Step 2: Direction of Effect
Statistical significance only shows whether we can be confident that the coefficient is non-zero. However, we also have information about the direction of the effect, i.e. whether it is likely that the coefficient is positive or negative.
% shift to Trump, 2012-2016 | |
median income ($1,000s) | -0.158* |
(0.006) | |
Constant | 8.337* |
(0.351) | |
Observations | 3,111 |
Adjusted R2 | 0.203 |
Note: | * p<0.05 |
- Due to technicalities regarding “one-sided” versus “two-sided” confidence intervals, a p-value of \(0.05\) produces a 95% confidence that the coefficient is non-zero, and a 90% confidence that the coefficient’s sign is correct.

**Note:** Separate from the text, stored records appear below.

lemma SigmaV_inverse: "inv_mat SigmaV \<in> carrier_mat n n" "inv_mat SigmaV * SigmaV = 1\<^sub>m n"
proof -
  have "Lmat * transpose_mat Lmat = transpose_mat (transpose_mat Lmat) * mat_diag r (\<lambda>_. 1) * transpose_mat Lmat"
    using model_carriers(1) by simp
  then have "v \<bullet> (SigmaV *\<^sub>v v) > 0" if "v \<in> carrier_vec n" "v \<noteq> 0\<^sub>v n" for v
    using congruence_plus_mat_diag_pos_def[OF Lmat_transpose_carrier, of "\<lambda>_. 1" noise_var]
      noise_var_pos that by simp
  then show "inv_mat SigmaV \<in> carrier_mat n n" "inv_mat SigmaV * SigmaV = 1\<^sub>m n"
    using inv_mat_pos_def[OF SigmaV_carrier] by blast+
qed

lemma Kmat_inverse: "inv_mat Kmat \<in> carrier_mat r r" "Kmat * inv_mat Kmat = 1\<^sub>m r"
proof -
  have "Kmat = transpose_mat Lmat * mat_diag n (\<lambda>m. 1 / noise_var m) * Lmat + mat_diag r (\<lambda>_. 1)"
    unfolding Kmat_def mat_diag_one by (rule comm_add_mat[OF one_carrier_mat Lmat_congruence_carrier])
  then have "v \<bullet> (Kmat *\<^sub>v v) > 0" if "v \<in> carrier_vec r" "v \<noteq> 0\<^sub>v r" for v
    using congruence_plus_mat_diag_pos_def[OF model_carriers(1), of "\<lambda>m. 1 / noise_var m" "\<lambda>_. 1"]
      noise_var_pos that by (simp add: less_imp_le)
  then show "inv_mat Kmat \<in> carrier_mat r r" "Kmat * inv_mat Kmat = 1\<^sub>m r"
    using inv_mat_pos_def[OF Kmat_carrier] by blast+
qed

- There is a negative relationship between income and shifting to Trump. Because it is starred with \(p<0.05\), we think, with 90% confidence, this negative sign is not due to chance alone.

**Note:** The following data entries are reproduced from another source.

(* Let $R,S$ be finite nonempty sets, $k$ a positive integer, $p_r>0$ ($r\in R$), $T=\sum_{r\in R}p_r$, $d_{r,s}\ge0$, and $\kappa<0$. Let $F$ be the set of $(\mathbf x,\mathbf y)$ with $x_s,y_{r,s}\in\{0,1\}$, $\sum_{s\in S}x_s=k$, $y_{r,s}\le x_s$, and $\sum_{s\in S}y_{r,s}=1$ for all $r$. For $\mathbf y$ let $\overline{\mathcal K}(\mathbf y)=\sum_{r,s}p_ry_{r,s}e^{-\kappa d_{r,s}}$ and $\mathcal K(\mathbf y)=-\frac1\kappa\ln\left(\frac1T\overline{\mathcal K}(\mathbf y)\right)$. Let $U\subseteq S$, $c_s\ge0$ for $s\in U$, $\sigma(\mathbf x)=\sum_{s\in U}c_sx_s$. Let $(\mathbf x^{all},\mathbf y^{all})$ be an optimal solution of $\min\{\overline{\mathcal K}(\mathbf y):(\mathbf x,\mathbf y)\in F\}$, and set $\mathcal K^{all}=\mathcal K(\mathbf y^{all})$ and $\sigma^{all}=\sigma(\mathbf x^{all})$. Set $\hat{\mathcal K}=\mathcal K^{all}$ and let $(\mathbf x^*,\mathbf y^*,v^*,q^* )$ be optimal for \[ \text{(KPL}^p)\quad \min\ \overline{\mathcal K}(\mathbf y)+Te^{-\kappa\hat{\mathcal K}}(v-1)\ \text{ s.t. } (\mathbf x,\mathbf y)\in F,\ v\ge e^{q},\ q=-\kappa\,\sigma(\mathbf x). \] Let $\sigma^*=\sigma(\mathbf x^* )$, $\mathcal K^*=\mathcal K(\mathbf y^* )$, $\Delta=\hat{\mathcal K}-\mathcal K^*$, and define $\hat\sigma$ by \[ \mathcal K^*+\hat\sigma=-\frac1\kappa\ln\left(\frac1T\left(\overline{\mathcal K}(\mathbf y^* )+Te^{-\kappa\hat{\mathcal K}}\left(e^{-\kappa\sigma^*}-1\right)\right)\right). \] Then the penalized locations are under-penalized, i.e. $\hat\sigma\le\sigma^*$, and \[ \sigma^*-\hat\sigma\le|\Delta|\left(1-e^{\kappa\sigma^*}\right)\le\sigma^{all}\left(1-e^{\kappa\sigma^*}\right)\le\sigma^{all}\left(1-e^{\kappa\sigma^{all}}\right). \]
   Context: $U$ is a set of less desirable potential locations, $c_s$ is the penalty (in distance units) for selecting $s\in U$; $\hat\sigma$ is the penalty actually applied to the optimal Kolm–Pollak score by (KPL$^p$), whose parameter $\hat{\mathcal K}$ approximates the optimal unpenalized Kolm–Pollak score $\mathcal K^*$. *)

theory Defs
  imports Complex_Main
begin

definition feas :: "'r set \<Rightarrow> 's set \<Rightarrow> nat \<Rightarrow> (('s \<Rightarrow> real) \<times> ('r \<Rightarrow> 's \<Rightarrow> real)) set" where
  "feas R S k = {(x, y).
      (\<forall>s\<in>S. x s \<in> {0, 1}) \<and>
      (\<forall>r\<in>R. \<forall>s\<in>S. y r s \<in> {0, 1}) \<and>
      (\<Sum>s\<in>S. x s) = real k \<and>
      (\<forall>r\<in>R. \<forall>s\<in>S. y r s \<le> x s) \<and>
      (\<forall>r\<in>R. (\<Sum>s\<in>S. y r s) = 1)}"

definition Kbar :: "'r set \<Rightarrow> 's set \<Rightarrow> ('r \<Rightarrow> real) \<Rightarrow> ('r \<Rightarrow> 's \<Rightarrow> real) \<Rightarrow> real
    \<Rightarrow> ('r \<Rightarrow> 's \<Rightarrow> real) \<Rightarrow> real" where
  "Kbar R S p d \<kappa> y = (\<Sum>r\<in>R. \<Sum>s\<in>S. p r * y r s * exp (- \<kappa> * d r s))"

definition KP :: "'r set \<Rightarrow> 's set \<Rightarrow> ('r \<Rightarrow> real) \<Rightarrow> ('r \<Rightarrow> 's \<Rightarrow> real) \<Rightarrow> real
    \<Rightarrow> ('r \<Rightarrow> 's \<Rightarrow> real) \<Rightarrow> real" where
  "KP R S p d \<kappa> y = - (1 / \<kappa>) * ln ((1 / (\<Sum>r\<in>R. p r)) * Kbar R S p d \<kappa> y)"

definition pen :: "'s set \<Rightarrow> ('s \<Rightarrow> real) \<Rightarrow> ('s \<Rightarrow> real) \<Rightarrow> real" where
  "pen U c x = (\<Sum>s\<in>U. c s * x s)"

end

theory Submission
  imports Defs "HOL-Analysis.Analysis"
begin

(* Write a = -kappa > 0. Since T e^(a K(y)) = Kbar(y), the recovered penalty satisfies
   e^(a (K_star + sigma_hat)) = e^(a K_star) + e^(a K_hat) (e^(a sigma_star) - 1), the convex
   combination of e^(a (K_star + sigma_star)) and e^(a (K_hat + sigma_star)) with weights 1 - w
   and w = 1 - e^(-a sigma_star). As K_hat <= K_star, this gives sigma_hat <= sigma_star, and
   concavity of ln bounds the loss sigma_star - sigma_hat by w (K_star - K_hat) = w |Delta|.
   Comparing the optimum of (KPL^p) with the feasible point (x_all, y_all, e^(a sigma_all))
   yields sigma_star <= sigma_all and |Delta| <= sigma_all. *)

lemma ln_convex_comb_one_ge:
  fixes w u :: real
  assumes "0 \<le> w" "w \<le> 1" "0 < u"
  shows "w * ln u \<le> ln (w * u + (1 - w))"
proof -
  have "w * ln u + (1 - w) * ln 1 \<le> ln (w * u + (1 - w) * 1)"
    using ln_concave[unfolded concave_on_iff, THEN conjunct2, rule_format,
        where x=u and y=1 and u=w and v="1 - w"] assms
    by simp
  then show ?thesis by simp
qed

lemma recovered_penalty_bounds:
  fixes \<kappa> K Kh \<sigma> :: real
  assumes "\<kappa> < 0" "Kh \<le> K" "0 \<le> \<sigma>"
  defines "\<sigma>hat \<equiv> - (1 / \<kappa>) * ln (exp (- \<kappa> * K) + exp (- \<kappa> * Kh) * (exp (- \<kappa> * \<sigma>) - 1)) - K"
  shows "\<sigma>hat \<le> \<sigma>" and "\<sigma> - \<sigma>hat \<le> (K - Kh) * (1 - exp (\<kappa> * \<sigma>))"
proof -
  define w where "w = 1 - exp (\<kappa> * \<sigma>)"
  define t where "t = exp (- \<kappa> * (Kh - K))"
  define m where "m = w * t + (1 - w)"
  have w: "0 \<le> w" "w \<le> 1"
    using assms(1,3) by (auto simp: w_def mult_nonpos_nonneg)
  have t: "0 < t" "t \<le> 1"
    using assms(1,2) by (auto simp: t_def mult_nonpos_nonpos)
  have "0 \<le> w * (1 - t)" "w * (1 - t) \<le> 1 - t"
    using w t by (auto intro: mult_left_le_one_le)
  then have m: "0 < m" "m \<le> 1"
    using t by (auto simp: m_def algebra_simps)
  have "exp (- \<kappa> * K) + exp (- \<kappa> * Kh) * (exp (- \<kappa> * \<sigma>) - 1) = exp (- \<kappa> * (K + \<sigma>)) * m"
    by (simp add: m_def w_def t_def algebra_simps flip: exp_add)
  then have \<sigma>hat_eq: "\<sigma>hat = \<sigma> + ln m / (- \<kappa>)"
    using assms(1) m(1) by (simp add: \<sigma>hat_def ln_mult field_simps)
  show "\<sigma>hat \<le> \<sigma>"
    using m assms(1) by (simp add: \<sigma>hat_eq divide_nonpos_neg)
  have "w * (- \<kappa> * (Kh - K)) \<le> ln m"
    using ln_convex_comb_one_ge[OF w t(1)] by (simp add: m_def t_def)
  then have "- ln m \<le> (K - Kh) * w * (- \<kappa>)"
    by (simp add: algebra_simps)
  then have "- ln m / (- \<kappa>) \<le> (K - Kh) * w"
    using assms(1) by (simp only: pos_divide_le_eq neg_0_less_iff_less)
  then show "\<sigma> - \<sigma>hat \<le> (K - Kh) * (1 - exp (\<kappa> * \<sigma>))"
    by (simp add: \<sigma>hat_eq w_def)
qed

lemma Kbar_feas_pos:
  assumes "finite R" "R \<noteq> {}" "finite S" "\<forall>r\<in>R. p r > 0" "(x, y) \<in> feas R S k"
  shows "Kbar R S p d \<kappa> y > 0"
proof -
  have pos: "(\<Sum>s\<in>S. p r * y r s * exp (- \<kappa> * d r s)) > 0" if r: "r \<in> R" for r
  proof -
    have y01: "\<forall>s\<in>S. y r s \<in> {0,1}" and ys: "(\<Sum>s\<in>S. y r s) = 1"
      using assms(5) r unfolding feas_def by auto
    obtain s where s: "s \<in> S" "y r s \<noteq> 0"
      using ys by (metis sum.neutral zero_neq_one)
    then have "y r s = 1" using y01 by auto
    have "(\<Sum>s\<in>S. p r * y r s * exp (- \<kappa> * d r s)) \<ge> p r * y r s * exp (- \<kappa> * d r s)"
      by (rule member_le_sum) (use s y01 r assms(3,4) in \<open>auto intro!: mult_nonneg_nonneg\<close>)
    moreover have "p r * y r s * exp (- \<kappa> * d r s) > 0" using \<open>y r s = 1\<close> r assms(4) by simp
    ultimately show ?thesis by linarith
  qed
  show ?thesis unfolding Kbar_def
    by (rule sum_pos) (use assms pos in auto)
qed

lemma pen_feas_nonneg:
  assumes "finite S" "U \<subseteq> S" "\<forall>s\<in>U. c s \<ge> 0" "(x, y) \<in> feas R S k"
  shows "pen U c x \<ge> 0"
proof -
  have "\<forall>s\<in>S. x s \<in> {0,1}" using assms(4) unfolding feas_def by auto
  then have "\<forall>s\<in>U. x s \<ge> 0" using assms(2) by fastforce
  then show ?thesis unfolding pen_def using assms(3)
    by (intro sum_nonneg) simp
qed

lemma exp_KP:
  assumes "\<kappa> \<noteq> 0" "0 < (\<Sum>r\<in>R. p r)" "0 < Kbar R S p d \<kappa> y"
  shows "(\<Sum>r\<in>R. p r) * exp (- \<kappa> * KP R S p d \<kappa> y) = Kbar R S p d \<kappa> y"
  using assms by (simp add: KP_def)

lemma KP_mono:
  assumes "\<kappa> < 0" "0 < (\<Sum>r\<in>R. p r)" "0 < Kbar R S p d \<kappa> y" "Kbar R S p d \<kappa> y \<le> Kbar R S p d \<kappa> y'"
  shows "KP R S p d \<kappa> y \<le> KP R S p d \<kappa> y'"
proof -
  have "(\<Sum>r\<in>R. p r) * exp (- \<kappa> * KP R S p d \<kappa> y) \<le> (\<Sum>r\<in>R. p r) * exp (- \<kappa> * KP R S p d \<kappa> y')"
    using assms exp_KP[of \<kappa> p R S d y] exp_KP[of \<kappa> p R S d y'] by simp
  then have "exp (- \<kappa> * KP R S p d \<kappa> y) \<le> exp (- \<kappa> * KP R S p d \<kappa> y')"
    using assms(2) by (simp only: mult_le_cancel_left_pos)
  then show ?thesis
    using assms(1) by simp
qed

text \<open>The last hypothesis is the optimality of \<open>(y, v)\<close> in (KPL^p), tested against the
  feasible point \<open>(y', exp (- \<kappa> * \<sigma>'))\<close>.\<close>

lemma penalized_optimum_bounds:
  assumes "\<kappa> < 0" "0 < (\<Sum>r\<in>R. p r)"
    and "0 < Kbar R S p d \<kappa> y'" "Kbar R S p d \<kappa> y' \<le> Kbar R S p d \<kappa> y"
    and "0 \<le> \<sigma>" "exp (- \<kappa> * \<sigma>) \<le> v"
    and "Kbar R S p d \<kappa> y + (\<Sum>r\<in>R. p r) * exp (- \<kappa> * KP R S p d \<kappa> y') * (v - 1)
      \<le> Kbar R S p d \<kappa> y' + (\<Sum>r\<in>R. p r) * exp (- \<kappa> * KP R S p d \<kappa> y') * (exp (- \<kappa> * \<sigma>') - 1)"
  shows "\<sigma> \<le> \<sigma>'" and "KP R S p d \<kappa> y - KP R S p d \<kappa> y' \<le> \<sigma>'"
proof -
  let ?T = "\<Sum>r\<in>R. p r"
  let ?K' = "Kbar R S p d \<kappa> y'" and ?K = "Kbar R S p d \<kappa> y"
  have e': "?T * exp (- \<kappa> * KP R S p d \<kappa> y') = ?K'"
    using assms(1-3) by (intro exp_KP) auto
  have e: "?T * exp (- \<kappa> * KP R S p d \<kappa> y) = ?K"
    using assms(1-4) by (intro exp_KP) auto
  have opt: "?K + ?K' * (v - 1) \<le> ?K' * exp (- \<kappa> * \<sigma>')"
    using assms(7) unfolding e' by (simp add: algebra_simps)
  have "?K' * (v - 1) \<le> ?K' * (exp (- \<kappa> * \<sigma>') - 1)"
    using opt assms(4) by (simp add: algebra_simps)
  then have "v \<le> exp (- \<kappa> * \<sigma>')"
    using assms(3) by (simp add: mult_le_cancel_left_pos)
  then have "exp (- \<kappa> * \<sigma>) \<le> exp (- \<kappa> * \<sigma>')"
    using assms(6) by (rule order_trans[rotated])
  then show "\<sigma> \<le> \<sigma>'"
    using assms(1) by simp
  have "0 \<le> - \<kappa> * \<sigma>"
    using assms(1,5) by (simp add: mult_nonpos_nonneg)
  then have "1 \<le> v"
    using assms(6) one_le_exp_iff[of "- \<kappa> * \<sigma>"] by linarith
  then have "0 \<le> ?K' * (v - 1)"
    using assms(3) by simp
  then have "?K \<le> ?K' * exp (- \<kappa> * \<sigma>')"
    using opt by linarith
  then have "?T * exp (- \<kappa> * KP R S p d \<kappa> y) \<le> ?T * exp (- \<kappa> * (KP R S p d \<kappa> y' + \<sigma>'))"
    unfolding e e'[symmetric] mult.assoc mult_exp_exp by (simp add: algebra_simps)
  then show "KP R S p d \<kappa> y - KP R S p d \<kappa> y' \<le> \<sigma>'"
    using assms(1,2) by simp
qed

theorem theorem4:
  fixes R :: "'r set" and S :: "'s set" and k :: nat
    and p :: "'r \<Rightarrow> real" and d :: "'r \<Rightarrow> 's \<Rightarrow> real" and \<kappa> :: real
    and U :: "'s set" and c :: "'s \<Rightarrow> real"
    and xall :: "'s \<Rightarrow> real" and yall :: "'r \<Rightarrow> 's \<Rightarrow> real"
    and xs :: "'s \<Rightarrow> real" and ys :: "'r \<Rightarrow> 's \<Rightarrow> real" and vs qs :: real
  assumes "finite R" "R \<noteq> {}" "finite S" "S \<noteq> {}" "k > 0"
    and "\<forall>r\<in>R. p r > 0"
    and "\<forall>r\<in>R. \<forall>s\<in>S. d r s \<ge> 0"
    and "\<kappa> < 0"
    and "U \<subseteq> S" "\<forall>s\<in>U. c s \<ge> 0"
    and all_feas: "(xall, yall) \<in> feas R S k"
    and all_opt: "\<forall>(x, y)\<in>feas R S k. Kbar R S p d \<kappa> yall \<le> Kbar R S p d \<kappa> y"
    and star_feas: "(xs, ys) \<in> feas R S k" "vs \<ge> exp qs" "qs = - \<kappa> * pen U c xs"
    and star_opt: "\<forall>x y v q. (x, y) \<in> feas R S k \<and> v \<ge> exp q \<and> q = - \<kappa> * pen U c x \<longrightarrow>
        Kbar R S p d \<kappa> ys + (\<Sum>r\<in>R. p r) * exp (- \<kappa> * KP R S p d \<kappa> yall) * (vs - 1)
        \<le> Kbar R S p d \<kappa> y + (\<Sum>r\<in>R. p r) * exp (- \<kappa> * KP R S p d \<kappa> yall) * (v - 1)"
  shows
    "let T = (\<Sum>r\<in>R. p r);
         Kall = KP R S p d \<kappa> yall; \<sigma>all = pen U c xall;
         Khat = Kall;
         \<sigma>s = pen U c xs; Ks = KP R S p d \<kappa> ys; \<Delta> = Khat - Ks;
         \<sigma>hat = - (1 / \<kappa>) * ln ((1 / T) * (Kbar R S p d \<kappa> ys
                   + T * exp (- \<kappa> * Khat) * (exp (- \<kappa> * \<sigma>s) - 1))) - Ks
     in \<sigma>hat \<le> \<sigma>s
        \<and> \<sigma>s - \<sigma>hat \<le> \<bar>\<Delta>\<bar> * (1 - exp (\<kappa> * \<sigma>s))
        \<and> \<bar>\<Delta>\<bar> * (1 - exp (\<kappa> * \<sigma>s)) \<le> \<sigma>all * (1 - exp (\<kappa> * \<sigma>s))
        \<and> \<sigma>all * (1 - exp (\<kappa> * \<sigma>s)) \<le> \<sigma>all * (1 - exp (\<kappa> * \<sigma>all))"
proof -
  let ?T = "\<Sum>r\<in>R. p r"
  let ?Kall = "KP R S p d \<kappa> yall" and ?Ks = "KP R S p d \<kappa> ys"
  let ?\<sigma>all = "pen U c xall" and ?\<sigma>s = "pen U c xs"
  have T: "0 < ?T"
    using assms(1,2,6) by (intro sum_pos) auto
  have Kbar_all: "0 < Kbar R S p d \<kappa> yall" "Kbar R S p d \<kappa> yall \<le> Kbar R S p d \<kappa> ys"
    using Kbar_feas_pos[OF assms(1-3,6) all_feas] all_opt star_feas(1) by auto
  have \<sigma>: "0 \<le> ?\<sigma>all" "0 \<le> ?\<sigma>s"
    using pen_feas_nonneg[OF assms(3,9,10)] all_feas star_feas(1) by auto
  have "exp (- \<kappa> * ?\<sigma>s) \<le> vs"
    using star_feas(2,3) by simp
  then have "?\<sigma>s \<le> ?\<sigma>all" and gap: "?Ks - ?Kall \<le> ?\<sigma>all"
    using penalized_optimum_bounds[OF assms(8) T Kbar_all \<sigma>(2)]
      star_opt[rule_format, OF conjI[OF all_feas conjI[OF order_refl refl]]] by auto
  have "?Kall \<le> ?Ks"
    using KP_mono[OF assms(8) T Kbar_all] .
  have "(1 / ?T) * (Kbar R S p d \<kappa> ys + ?T * exp (- \<kappa> * ?Kall) * (exp (- \<kappa> * ?\<sigma>s) - 1))
      = exp (- \<kappa> * ?Ks) + exp (- \<kappa> * ?Kall) * (exp (- \<kappa> * ?\<sigma>s) - 1)"
    using T exp_KP[of \<kappa> p R S d ys] Kbar_all assms(8) by (simp add: field_simps)
  moreover have "\<bar>?Kall - ?Ks\<bar> = ?Ks - ?Kall"
    using \<open>?Kall \<le> ?Ks\<close> by simp
  moreover note recovered_penalty_bounds[OF assms(8) \<open>?Kall \<le> ?Ks\<close> \<sigma>(2)]
  moreover have "(?Ks - ?Kall) * (1 - exp (\<kappa> * ?\<sigma>s)) \<le> ?\<sigma>all * (1 - exp (\<kappa> * ?\<sigma>s))"
    using gap \<sigma>(2) assms(8) by (intro mult_right_mono) (auto simp: mult_nonpos_nonneg)
  moreover have "?\<sigma>all * (1 - exp (\<kappa> * ?\<sigma>s)) \<le> ?\<sigma>all * (1 - exp (\<kappa> * ?\<sigma>all))"
    using \<open>?\<sigma>s \<le> ?\<sigma>all\<close> \<sigma>(1) assms(8) by (intro mult_left_mono) auto
  ultimately show ?thesis
    unfolding Let_def by (simp only:)
qed

end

- This value of the coefficient, \(-0.158\), is called the estimated effect size of county median income on shifting to Trump between 2012 and 2016.
- We cannot be confident in the exact value of this coefficient. We can only be confident that the direction is negative.
- In technical terms, we have rejected the null hypothesis that the coefficient is zero, and accept the alternate hypothesis that the coefficient is negative.